As regulator, we have an important role in influencing and enabling innovation to refine assessments and qualifications, and the pandemic has clearly catalysed and accelerated this, including conversations about the greater use of technology.
We know from our research that during the pandemic awarding organisations introduced remote assessment and remote invigilation more than any other form of adaptation. I’ve been hearing at a visit this morning about how transformational that’s been in enabling employers to be more engaged in the process of teaching and learning, and how it’s enabled tutors to support more students and apprentices, as well as reaching parts of the country that otherwise might not have benefited.
Having gone through such rapid testing and implementation, it’s clear that, used right, technology can further strengthen how qualifications and assessments are delivered.
I’m very clear that Ofqual should not be a barrier to innovation like this. Where new approaches, including the use of technology, have potential to bring improvement in accessibility, we will support that.
The perceived benefits of greater innovation must of course be weighed against potential risks. I’m thinking of students and apprentices with special educational needs, those with disabilities but also the socio-economically disadvantaged. We need to ensure that our national infrastructure is ready to enable equal access to such provisions, for example, and that that isn’t a barrier to them.
Ofqual, working with the Department for Education, is about to do a feasibility study to look at exactly this. We need to make sure, for example, that access to the fastest broadband or the best laptops isn’t a thing that could provide advantage. Innovation must drive further inclusivity, further reliability and validity, and not create divergence.

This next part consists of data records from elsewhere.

lemma iso_frame_point_scaled:
  assumes "\<phi> \<in> iso (frame_grp a b) (frame_grp a' b')" "j < 4"
  obtains s where "\<phi> (central (frame_point a b j)) = central (\<lambda>c. s * frame_point a b j c)"
proof -
  obtain u' where u': "\<phi> (central (frame_point a b j)) = central u'"
    using iso_image_central[OF assms(1)[unfolded frame_grp_def] frame_point_ne_zero] by blast
  have "in_span u' (frame_point a' b' j)"
    using iso_frame_incidence[OF assms(1) u'] assms(2) in_span_self by simp
  then have "in_span u' (frame_point a b j)"
    using frame_point_indep_params[OF assms(2), of a' b' a b] by simp
  then have "in_span (frame_point a b j) u'"
    by (rule in_span_sym[OF frame_point_ne_zero])
  then show ?thesis
    using u' that by (auto simp: in_span_def)
qed

lemma central_in_frame_grp [simp]: "central u \<in> carrier (frame_grp a b)"
  by (simp add: frame_grp_def)

lemma central_frame_decomposition:
  "central v = central (frame_point a b 0) [^]\<^bsub>grp w\<^esub> v 0 \<otimes>\<^bsub>grp w\<^esub> central (frame_point a b 1) [^]\<^bsub>grp w\<^esub> v 1
     \<otimes>\<^bsub>grp w\<^esub> central (frame_point a b 2) [^]\<^bsub>grp w\<^esub> v 2"
  by (simp add: central_int_pow central_mult central_eq_iff all_less_three frame_point_def)

lemma iso_frame_common_scalar:
  assumes "\<phi> \<in> iso (frame_grp a b) (frame_grp a' b')"
  obtains s where "\<And>j. j < 3 \<Longrightarrow> \<phi> (central (frame_point a b j)) = central (\<lambda>c. s * frame_point a b j c)"
proof -
  interpret hom: group_hom "frame_grp a b" "frame_grp a' b'" \<phi>
    using assms group_grp by (simp add: frame_grp_def group_hom_def group_hom_axioms_def iso_def)
  let ?e = "frame_point a b"
  obtain s0 where s0: "\<phi> (central (?e 0)) = central (\<lambda>c. s0 * ?e 0 c)"
    using iso_frame_point_scaled[OF assms, where j = 0] by auto
  obtain s1 where s1: "\<phi> (central (?e 1)) = central (\<lambda>c. s1 * ?e 1 c)"
    using iso_frame_point_scaled[OF assms, where j = 1] by auto
  obtain s2 where s2: "\<phi> (central (?e 2)) = central (\<lambda>c. s2 * ?e 2 c)"
    using iso_frame_point_scaled[OF assms, where j = 2] by auto
  obtain s where s: "\<phi> (central (?e 3)) = central (\<lambda>c. s * ?e 3 c)"
    using iso_frame_point_scaled[OF assms, where j = 3] by auto
  have "central (?e 3) = central (?e 0) \<otimes>\<^bsub>frame_grp a b\<^esub> central (?e 1) \<otimes>\<^bsub>frame_grp a b\<^esub> central (?e 2)"
    by (simp add: frame_grp_def central_mult central_eq_iff all_less_three frame_point_def)
  then have "\<phi> (central (?e 3))
      = \<phi> (central (?e 0)) \<otimes>\<^bsub>frame_grp a' b'\<^esub> \<phi> (central (?e 1)) \<otimes>\<^bsub>frame_grp a' b'\<^esub> \<phi> (central (?e 2))"
    by simp
  then have "central (\<lambda>c. s * ?e 3 c) = central (\<lambda>c. s0 * ?e 0 c + s1 * ?e 1 c + s2 * ?e 2 c)"
    unfolding s0 s1 s2 s by (simp add: frame_grp_def central_mult)
  then have same: "s0 mod int p = s mod int p" "s1 mod int p = s mod int p" "s2 mod int p = s mod int p"
    by (simp_all add: central_eq_iff all_less_three frame_point_def)
  have "\<phi> (central (?e j)) = central (\<lambda>c. s * ?e j c)" if "j < 3" for j
  proof -
    have "j = 0 \<or> j = 1 \<or> j = 2"
      using that by auto
    then show ?thesis
      using s0 s1 s2 central_scale_mod_cong[OF same(1), of "?e 0"] central_scale_mod_cong[OF same(2), of "?e 1"]
        central_scale_mod_cong[OF same(3), of "?e 2"]
      by auto
  qed
  then show ?thesis
    using that by blast
qed

lemma iso_frame_scalar:
  assumes "\<phi> \<in> iso (frame_grp a b) (frame_grp a' b')"
  obtains s where "\<And>v. \<phi> (central v) = central (\<lambda>c. s * v c)"
proof -
  interpret hom: group_hom "frame_grp a b" "frame_grp a' b'" \<phi>
    using assms group_grp by (simp add: frame_grp_def group_hom_def group_hom_axioms_def iso_def)
  let ?e = "frame_point a b"
  obtain s where scaled: "\<And>j. j < 3 \<Longrightarrow> \<phi> (central (?e j)) = central (\<lambda>c. s * ?e j c)"
    using iso_frame_common_scalar[OF assms] by blast
  have "\<phi> (central v) = central (\<lambda>c. s * v c)" for v
  proof -
    have "\<phi> (central v) = \<phi> (central (?e 0)) [^]\<^bsub>frame_grp a' b'\<^esub> v 0
        \<otimes>\<^bsub>frame_grp a' b'\<^esub> \<phi> (central (?e 1)) [^]\<^bsub>frame_grp a' b'\<^esub> v 1
        \<otimes>\<^bsub>frame_grp a' b'\<^esub> \<phi> (central (?e 2)) [^]\<^bsub>frame_grp a' b'\<^esub> v 2"
      by (subst central_frame_decomposition[where v = v and a = a and b = b
            and w = "\<lambda>i. frame_point a b (pair_point i)", folded frame_grp_def])
        (simp add: hom.hom_int_pow)
    also have "\<dots> = central (\<lambda>c. s * v c)"
      by (simp add: scaled frame_grp_def central_int_pow central_mult central_eq_iff all_less_three
          frame_point_def mult.commute)
    finally show ?thesis .
  qed
  then show ?thesis
    using that by blast
qed

lemma iso_frame_params:
  assumes "\<phi> \<in> iso (frame_grp a b) (frame_grp a' b')"
  shows "a mod int p = a' mod int p \<and> b mod int p = b' mod int p"
proof -
  obtain s where s: "\<And>v. \<phi> (central v) = central (\<lambda>c. s * v c)"
    using iso_frame_scalar[OF assms] by blast
  have "in_span (\<lambda>c. s * frame_point a b 4 c) (frame_point a' b' 4)"
    using iso_frame_incidence[OF assms s] in_span_self by simp
  then obtain k where "\<forall>c<3. frame_point a' b' 4 c mod int p = (k * (s * frame_point a b 4 c)) mod int p"
    by (auto simp: in_span_def central_eq_iff)
  then have ks: "(k * s) mod int p = 1" and "a' mod int p = (k * s * a) mod int p"
    and "b' mod int p = (k * s * b) mod int p"
    by (simp_all add: all_less_three frame_point_def mult.assoc)
  moreover have "(k * s * x) mod int p = x mod int p" for x
    using mod_mult_left_eq[of "k * s" "int p" x] ks by simp
  ultimately show ?thesis
    by simp
qed
(* Let $(X,\tau_\delta)_{\delta>0}$ be a Hilbert dilation system (not necessarily simple), and let $H,V\subseteq X$ be subspaces with $\dim H=\dim V\ge1$ and $V$ dilation-invariant. Define $f(\delta)=\cos\angle(\tau_\delta H,V)$ for $\delta>0$. Then $f$ is unimodal in the sense: whenever $0<a<b<c$ and $f(b)<f(c)$, we have $f(a)<f(b)$.
   Context: Hilbert dilation system: $X$ a finite-dimensional real Hilbert space, $X=\bigoplus_{\nu=1}^mX_\nu$ orthogonal, $\tau_\delta|_{X_\nu}=\delta^{-\nu}\mathrm{id}$ ($\delta>0$). $V$ is dilation-invariant if $\tau_\delta V=V$ for all $\delta>0$. On $\bigwedge^kX$ use the inner product with $\langle v_1\wedge\dots\wedge v_k,w_1\wedge\dots\wedge w_k\rangle=\det(\langle v_i,w_j\rangle)$; for a $k$-dimensional subspace $W$ with basis $w_1,\ldots,w_k$ let $\omega_W=w_1\wedge\dots\wedge w_k$. For $k$-dimensional subspaces $V,W$, $\cos\angle(V,W)=|\langle\omega_V,\omega_W\rangle|/(|\omega_V||\omega_W|)$ (independent of bases). *)

theory Defs
  imports "HOL-Analysis.Analysis"
begin

definition det_nat :: "nat \<Rightarrow> (nat \<Rightarrow> nat \<Rightarrow> real) \<Rightarrow> real" where
  "det_nat k M = (\<Sum>p\<in>{p. p permutes {..<k}}. of_int (sign p) * (\<Prod>i<k. M i (p i)))"

text \<open>Inner product of simple k-vectors v_1 wedge ... wedge v_k and w_1 wedge ... wedge w_k:
  det(<v_i,w_j>).\<close>
definition wedge_inner :: "nat \<Rightarrow> (nat \<Rightarrow> 'a::real_inner) \<Rightarrow> (nat \<Rightarrow> 'a) \<Rightarrow> real" where
  "wedge_inner k v w = det_nat k (\<lambda>i j. inner (v i) (w j))"

definition ordered_basis :: "'a::real_vector set \<Rightarrow> nat \<Rightarrow> (nat \<Rightarrow> 'a) \<Rightarrow> bool" where
  "ordered_basis W k b \<longleftrightarrow> inj_on b {..<k} \<and> independent (b ` {..<k}) \<and> span (b ` {..<k}) = W"

definition cos_angle :: "'a::euclidean_space set \<Rightarrow> 'a set \<Rightarrow> real" where
  "cos_angle V W = (let k = dim V;
      v = (SOME b. ordered_basis V k b);
      w = (SOME b. ordered_basis W k b)
    in \<bar>wedge_inner k v w\<bar> / (sqrt (wedge_inner k v v) * sqrt (wedge_inner k w w)))"

definition hilbert_dilation_system ::
    "nat \<Rightarrow> (nat \<Rightarrow> 'a::euclidean_space set) \<Rightarrow> (real \<Rightarrow> 'a \<Rightarrow> 'a) \<Rightarrow> bool" where
  "hilbert_dilation_system m Xs tau \<longleftrightarrow>
     (\<forall>\<nu>\<in>{1..m}. subspace (Xs \<nu>)) \<and>
     (\<forall>\<nu>\<in>{1..m}. \<forall>\<mu>\<in>{1..m}. \<nu> \<noteq> \<mu> \<longrightarrow> (\<forall>x\<in>Xs \<nu>. \<forall>y\<in>Xs \<mu>. inner x y = 0)) \<and>
     span (\<Union>\<nu>\<in>{1..m}. Xs \<nu>) = UNIV \<and>
     (\<forall>d>0. linear (tau d)) \<and>
     (\<forall>d>0. \<forall>\<nu>\<in>{1..m}. \<forall>x\<in>Xs \<nu>. tau d x = (d powr (- real \<nu>)) *\<^sub>R x)"

definition dilation_invariant :: "(real \<Rightarrow> 'a \<Rightarrow> 'a) \<Rightarrow> 'a set \<Rightarrow> bool" where
  "dilation_invariant tau V \<longleftrightarrow> (\<forall>d>0. tau d ` V = V)"

end

theory Submission
  imports Defs "Jordan_Normal_Form.Determinant"
begin

(* Since V is dilation-invariant it has a basis u of common eigenvectors, tau_d u_j = d^(-nu_j) u_j.
   For a basis h of H, self-adjointness of tau_d turns <omega_(tau_d H), omega_V> into
   d^(-sum nu_j) <omega_H, omega_V>, and the Cauchy-Binet formula in an orthonormal eigenbasis makes
   the Gram determinant of tau_d h a nonnegative combination of real powers of d.  Hence
   cos angle(tau_d H, V) = K / sqrt (g d) with t |-> g (exp t) convex, and a convex function that
   decreases between ln b and ln c is strictly larger at ln a than at ln b. *)

lemma det_nat_mat: "det_nat k M = Determinant.det (Matrix.mat k k (\<lambda>(i,j). M i j))"
  unfolding det_nat_def Determinant.det_def by (auto simp: atLeast0LessThan intro!: sum.cong prod.cong)

lemma det_nat_cong:
  assumes "\<And>i j. i < k \<Longrightarrow> j < k \<Longrightarrow> M i j = N i j"
  shows "det_nat k M = det_nat k N"
  unfolding det_nat_def
proof (intro sum.cong refl arg_cong2[where f="(*)"] prod.cong)
  fix p i assume "p \<in> {p. p permutes {..<k}}" "i \<in> {..<k}"
  then show "M i (p i) = N i (p i)" using assms permutes_in_image by fastforce
qed

lemma det_nat_mult:
  "det_nat k (\<lambda>i j. \<Sum>l<k. P i l * M l j) = det_nat k P * det_nat k M"
proof -
  have "Matrix.mat k k (\<lambda>(i,j). \<Sum>l<k. P i l * M l j) =
        Matrix.mat k k (\<lambda>(i,j). P i j) * Matrix.mat k k (\<lambda>(i,j). M i j)"
    by (rule eq_matI) (auto simp: scalar_prod_def atLeast0LessThan intro!: sum.cong)
  then show ?thesis unfolding det_nat_mat
    by (simp add: det_mult[where n=k])
qed

lemma det_nat_transpose: "det_nat k (\<lambda>i j. M j i) = det_nat k M"
proof -
  have "Matrix.mat k k (\<lambda>(i,j). M j i) = transpose_mat (Matrix.mat k k (\<lambda>(i,j). M i j))"
    by (rule eq_matI) auto
  then show ?thesis unfolding det_nat_mat by (simp add: det_transpose[where n=k])
qed

lemma det_nat_permute_rows:
  assumes p: "p permutes {..<k}"
  shows "det_nat k (\<lambda>i j. M (p i) j) = of_int (sign p) * det_nat k M"
proof -
  have p': "p permutes {0..<k}" using p by (simp add: atLeast0LessThan)
  have "Matrix.mat k k (\<lambda>(i,j). M (p i) j) =
        Matrix.mat k k (\<lambda>(i,j). (Matrix.mat k k (\<lambda>(i,j). M i j)) $$ (p i, j))"
    by (rule eq_matI) (use p permutes_in_image in fastforce)+
  then show ?thesis unfolding det_nat_mat
    using det_permute_rows[OF _ p', of "Matrix.mat k k (\<lambda>(i,j). M i j)"] by simp
qed

lemma det_nat_id: "det_nat k (\<lambda>i j. if i = j then 1 else 0) = 1"
proof -
  have "Matrix.mat k k (\<lambda>(i,j). if i = j then (1::real) else 0) = 1\<^sub>m k"
    by (rule eq_matI) auto
  then show ?thesis unfolding det_nat_mat by simp
qed

lemma det_nat_scale_cols:
  "det_nat k (\<lambda>i j. M i j * r j) = (\<Prod>j<k. r j) * det_nat k M"
  unfolding det_nat_def sum_distrib_left
proof (rule sum.cong[OF refl])
  fix p assume "p \<in> {p. p permutes {..<k}}"
  then have p: "p permutes {..<k}" by simp
  have "(\<Prod>i<k. r (p i)) = (\<Prod>j<k. r j)"
    using prod.permute[OF p, of r] by (simp add: o_def)
  then show "of_int (sign p) * (\<Prod>i<k. M i (p i) * r (p i)) =
    (\<Prod>j<k. r j) * (of_int (sign p) * (\<Prod>i<k. M i (p i)))"
    by (simp add: prod.distrib)
qed

lemma det_nat_sum_rows:
  assumes "finite E"
  shows "det_nat k (\<lambda>i j. \<Sum>e\<in>E. g i e j) =
         (\<Sum>\<phi>\<in>PiE {..<k} (\<lambda>_. E). det_nat k (\<lambda>i j. g i (\<phi> i) j))"
proof -
  have "det_nat k (\<lambda>i j. \<Sum>e\<in>E. g i e j) =
     (\<Sum>p\<in>{p. p permutes {..<k}}. of_int (sign p) *
        (\<Sum>\<phi>\<in>PiE {..<k} (\<lambda>_. E). \<Prod>i<k. g i (\<phi> i) (p i)))"
    unfolding det_nat_def
    by (intro sum.cong refl arg_cong2[where f="(*)"]) (simp add: prod_sum_PiE assms)
  also have "\<dots> = (\<Sum>\<phi>\<in>PiE {..<k} (\<lambda>_. E). det_nat k (\<lambda>i j. g i (\<phi> i) j))"
    unfolding det_nat_def sum_distrib_left by (rule sum.swap)
  finally show ?thesis .
qed

lemma det_nat_scale_rows:
  "det_nat k (\<lambda>i j. r i * M i j) = (\<Prod>i<k. r i) * det_nat k M"
  unfolding det_nat_def by (simp add: prod.distrib sum_distrib_left mult_ac)

lemma compose_permutes_PiE:
  fixes k :: nat
  assumes p: "p permutes {..<k}" and \<phi>: "\<phi> \<in> PiE {..<k} (\<lambda>_. E)"
  shows "\<phi> \<circ> p \<in> PiE {..<k} (\<lambda>_. E)"
proof -
  have "\<And>i. i \<notin> {..<k} \<Longrightarrow> p i = i" using p by (simp add: permutes_def)
  moreover have "\<And>i. i \<in> {..<k} \<Longrightarrow> p i \<in> {..<k}" using permutes_in_image[OF p] by simp
  ultimately show ?thesis using \<phi> by (auto simp: PiE_def Pi_def extensional_def)
qed

lemma sum_PiE_compose_permutes:
  fixes k :: nat
  assumes p: "p permutes {..<k}"
  shows "(\<Sum>\<phi>\<in>PiE {..<k} (\<lambda>_. E). F (\<phi> \<circ> p)) = (\<Sum>\<phi>\<in>PiE {..<k} (\<lambda>_. E). F \<phi>)"
proof -
  let ?q = "Hilbert_Choice.inv p"
  have q: "?q permutes {..<k}" using p by (rule permutes_inv)
  have cancel: "\<phi> \<circ> ?q \<circ> p = \<phi>" "\<phi> \<circ> p \<circ> ?q = \<phi>" for \<phi> :: "nat \<Rightarrow> 'b"
    using permutes_inv_o[OF p] by (simp_all add: o_assoc[symmetric])
  show ?thesis
    by (rule sum.reindex_bij_witness[where i="\<lambda>\<phi>. \<phi> \<circ> ?q" and j="\<lambda>\<phi>. \<phi> \<circ> p"])
      (simp_all add: cancel compose_permutes_PiE[OF p] compose_permutes_PiE[OF q])
qed

lemma fact_mult_sum_PiE:
  "fact k * (\<Sum>\<phi>\<in>PiE {..<k} (\<lambda>_. E). F \<phi>) =
    (\<Sum>\<phi>\<in>PiE {..<k} (\<lambda>_. E). \<Sum>p\<in>{p. p permutes {..<k}}. F (\<phi> \<circ> p))"
proof -
  have "card {p. p permutes {..<k}} = fact k" by (rule card_permutations) auto
  then have "fact k * (\<Sum>\<phi>\<in>PiE {..<k} (\<lambda>_. E). F \<phi>) =
      (\<Sum>p\<in>{p. p permutes {..<k}}. \<Sum>\<phi>\<in>PiE {..<k} (\<lambda>_. E). F (\<phi> \<circ> p))"
    by (simp add: sum_PiE_compose_permutes)
  then show ?thesis by (simp add: sum.swap[of _ _ "PiE {..<k} (\<lambda>_. E)"])
qed
lemma dist_beta_eps_Psi_eps_le:
  fixes w :: "'a::euclidean_space \<Rightarrow> real" and M :: "'a set"
  assumes w: "w \<in> borel_measurable borel" "integrable lborel (\<lambda>z. (w z)^2)"
    and mass_pos: "0 < (LINT z|lborel. (w z)^2 * indicator (cball 0 (\<delta>/2)) z)"
    and eta: "continuous_on {0..} \<eta>" "\<And>r. 0 \<le> r \<Longrightarrow> 0 \<le> \<eta> r \<and> \<eta> r \<le> 1"
      "\<And>r. 0 \<le> r \<Longrightarrow> r \<le> \<delta> / 2 \<Longrightarrow> \<eta> r = 1" "\<And>r. \<delta> \<le> r \<Longrightarrow> \<eta> r = 0"
    and delta: "0 < \<delta>" "{x. infdist x M \<le> \<delta>} \<subseteq> ball 0 \<rho>"
    and eps: "0 < \<epsilon>" "\<epsilon> \<le> 1" and "y \<in> M" "T \<noteq> 0"
  shows "norm (beta_eps \<rho> \<epsilon> (\<lambda>x. T * Psi_eps \<eta> w \<epsilon> y x) - y)
    \<le> (LINT z|lborel. (w z)^2 * min \<delta> (\<epsilon> * norm z))
        / (LINT z|lborel. (w z)^2 * indicator (cball 0 (\<delta>/2)) z)"
proof -
  define \<Phi> where "\<Phi> z = \<eta> (norm (\<epsilon> *\<^sub>R z)) * w z" for z :: 'a
  define Y where "Y z = Upsilon \<rho> (\<epsilon> *\<^sub>R z + y)" for z :: 'a
  have \<Phi>_measurable [measurable]: "\<Phi> \<in> borel_measurable borel"
  proof -
    have "continuous_on UNIV (\<lambda>z::'a. \<eta> (norm (\<epsilon> *\<^sub>R z)))"
      by (rule continuous_on_compose2[OF eta(1)]) (auto intro!: continuous_intros)
    then show ?thesis
      unfolding \<Phi>_def[abs_def] by (rule borel_measurable_times[OF borel_measurable_continuous_onI w(1)])
  qed
  have \<Phi>_sq_le: "(\<Phi> z)^2 \<le> (w z)^2" for z
    using eta(2)[of "norm (\<epsilon> *\<^sub>R z)"]
    by (simp add: \<Phi>_def power_mult_distrib mult_left_le_one_le power_le_one)
  have int_\<Phi>: "integrable lborel (\<lambda>z. (\<Phi> z)^2)"
    by (rule Bochner_Integration.integrable_bound[OF w(2)]) (use \<Phi>_sq_le in \<open>auto intro!: AE_I2\<close>)
  have int_g: "integrable lborel (\<lambda>z. (w z)^2 * min \<delta> (\<epsilon> * norm z))"
    by (rule Bochner_Integration.integrable_bound[OF integrable_mult_left[OF w(2), of \<delta>]])
      (use w(1) delta eps in \<open>auto intro!: AE_I2 mult_left_mono simp: abs_mult\<close>)
  have mass: "(LINT z|lborel. (w z)^2 * indicator (cball 0 (\<delta>/2)) z) \<le> (LINT z|lborel. (\<Phi> z)^2)"
  proof (rule integral_mono[OF integrable_real_mult_indicator[OF _ w(2)] int_\<Phi>])
    fix z :: 'a
    have "\<eta> (norm (\<epsilon> *\<^sub>R z)) = 1" if "z \<in> cball 0 (\<delta>/2)"
      using that eps mult_left_le_one_le[of "norm z" \<epsilon>] by (intro eta(3)) auto
    then show "(w z)^2 * indicator (cball 0 (\<delta>/2)) z \<le> (\<Phi> z)^2"
      by (simp add: \<Phi>_def split: split_indicator)
  qed simp
  have deviation: "(\<Phi> z)^2 * norm (Y z - y) \<le> (w z)^2 * min \<delta> (\<epsilon> * norm z)" for z
  proof (cases "\<eta> (norm (\<epsilon> *\<^sub>R z)) = 0")
    case True
    then show ?thesis
      using delta eps by (simp add: \<Phi>_def)
  next
    case False
    then have near: "\<epsilon> * norm z < \<delta>"
      using eta(4) eps by (metis abs_of_pos norm_scaleR not_less)
    have "infdist (\<epsilon> *\<^sub>R z + y) M \<le> \<delta>"
      using infdist_le[OF \<open>y \<in> M\<close>, of "\<epsilon> *\<^sub>R z + y"] near eps by (simp add: dist_norm)
    then have "Y z = \<epsilon> *\<^sub>R z + y"
      using delta(2) unfolding Y_def by (intro Upsilon_eq_self less_imp_le) auto
    then have "norm (Y z - y) = min \<delta> (\<epsilon> * norm z)"
      using near eps by simp
    then show ?thesis
      using \<Phi>_sq_le[of z] near eps by (simp add: mult_right_mono)
  qed
  have "beta_eps \<rho> \<epsilon> (\<lambda>x. T * Psi_eps \<eta> w \<epsilon> y x) = beta_eps \<rho> \<epsilon> (\<lambda>x. \<Phi> (x - (1 / \<epsilon>) *\<^sub>R y))"
    using eps \<open>T \<noteq> 0\<close> by (simp add: beta_eps_scale Psi_eps_shift[of \<epsilon>] Psi_eps_0 \<Phi>_def)
  also have "\<dots> = (1 / (LINT z|lborel. (\<Phi> z)^2)) *\<^sub>R (LINT z|lborel. (\<Phi> z)^2 *\<^sub>R Y z)"
    using eps by (simp add: beta_eps_translate Y_def)
  finally have "norm (beta_eps \<rho> \<epsilon> (\<lambda>x. T * Psi_eps \<eta> w \<epsilon> y x) - y)
      \<le> (LINT z|lborel. (w z)^2 * min \<delta> (\<epsilon> * norm z)) / (LINT z|lborel. (\<Phi> z)^2)"
    using mass_pos mass int_\<Phi> int_g deviation by (auto intro!: weighted_mean_dist_le simp: Y_def)
  also have "\<dots> \<le> (LINT z|lborel. (w z)^2 * min \<delta> (\<epsilon> * norm z))
      / (LINT z|lborel. (w z)^2 * indicator (cball 0 (\<delta>/2)) z)"
    using mass_pos mass delta eps
    by (intro divide_left_mono Bochner_Integration.integral_nonneg mult_pos_pos) auto
  finally show ?thesis .
qed
text \<open>Starting
at rest, the velocity is the tent function bang_velocity \<tau> t times a and the displacement is
bang_position \<tau> t times a, where bang_position \<tau> increases from 0 to \<tau>^2 on [0, 2\<tau>]. The choice
of a and \<tau> gives \<tau>^2 a = q' - q, so the edge ends at rest at q' and in between the
configuration stays on the segment from q to q'. The motion along the whole path is obtained by
concatenating the edges, shifting time by each edge duration 2\<tau>.\<close>

lemma has_integral_shifted_concat:
  fixes f g h :: "real \<Rightarrow> 'a::banach"
  assumes "0 \<le> c" "0 \<le> t"
    and f: "\<And>s. s \<in> {0..c} \<Longrightarrow> (f has_integral H s) {0..s}"
    and g: "\<And>s. 0 \<le> s \<Longrightarrow> (g has_integral G s) {0..s}"
    and hf: "\<And>s. s \<in> {0..<c} \<Longrightarrow> h s = f s"
    and hg: "\<And>s. c < s \<Longrightarrow> h s = g (s - c)"
    and H: "\<And>s. c < s \<Longrightarrow> H s = H c + G (s - c)"
  shows "(h has_integral H t) {0..t}"
proof -
  have h_head: "(h has_integral H s) {0..s}" if "s \<in> {0..c}" for s
    by (rule has_integral_spike_finite[of "{c}" _ _ f]) (use that f hf in auto)
  show ?thesis
  proof (cases "t \<le> c")
    case True
    then show ?thesis using h_head \<open>0 \<le> t\<close> by simp
  next
    case False
    have g_shifted: "((\<lambda>s. g (s - c)) has_integral G (t - c)) {c..t}"
      using has_integral_shift_real_ivl[OF g[of "t - c"], of "- c"] False by simp
    have "(h has_integral G (t - c)) {c..t}"
      by (rule has_integral_spike_finite[OF _ _ g_shifted, of "{c}"]) (use hg in auto)
    from has_integral_combine[OF \<open>0 \<le> c\<close> _ h_head this] False \<open>0 \<le> c\<close>
    show ?thesis by (simp add: H)
  qed
qed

Ofqual will continue to engage and provide support to awarding organisations exploring the use of innovative practice such as this, and where necessary, we will consider the removal of regulatory barriers which restrict or prevent innovation. But with the proviso that any innovative new practice must not undermine the value of the underlying qualification.
Students of all ages; apprentices and employers – whether that is this year, next year, or 5 years hence – should all be able to have confidence in the value of qualifications that they have worked so hard to achieve.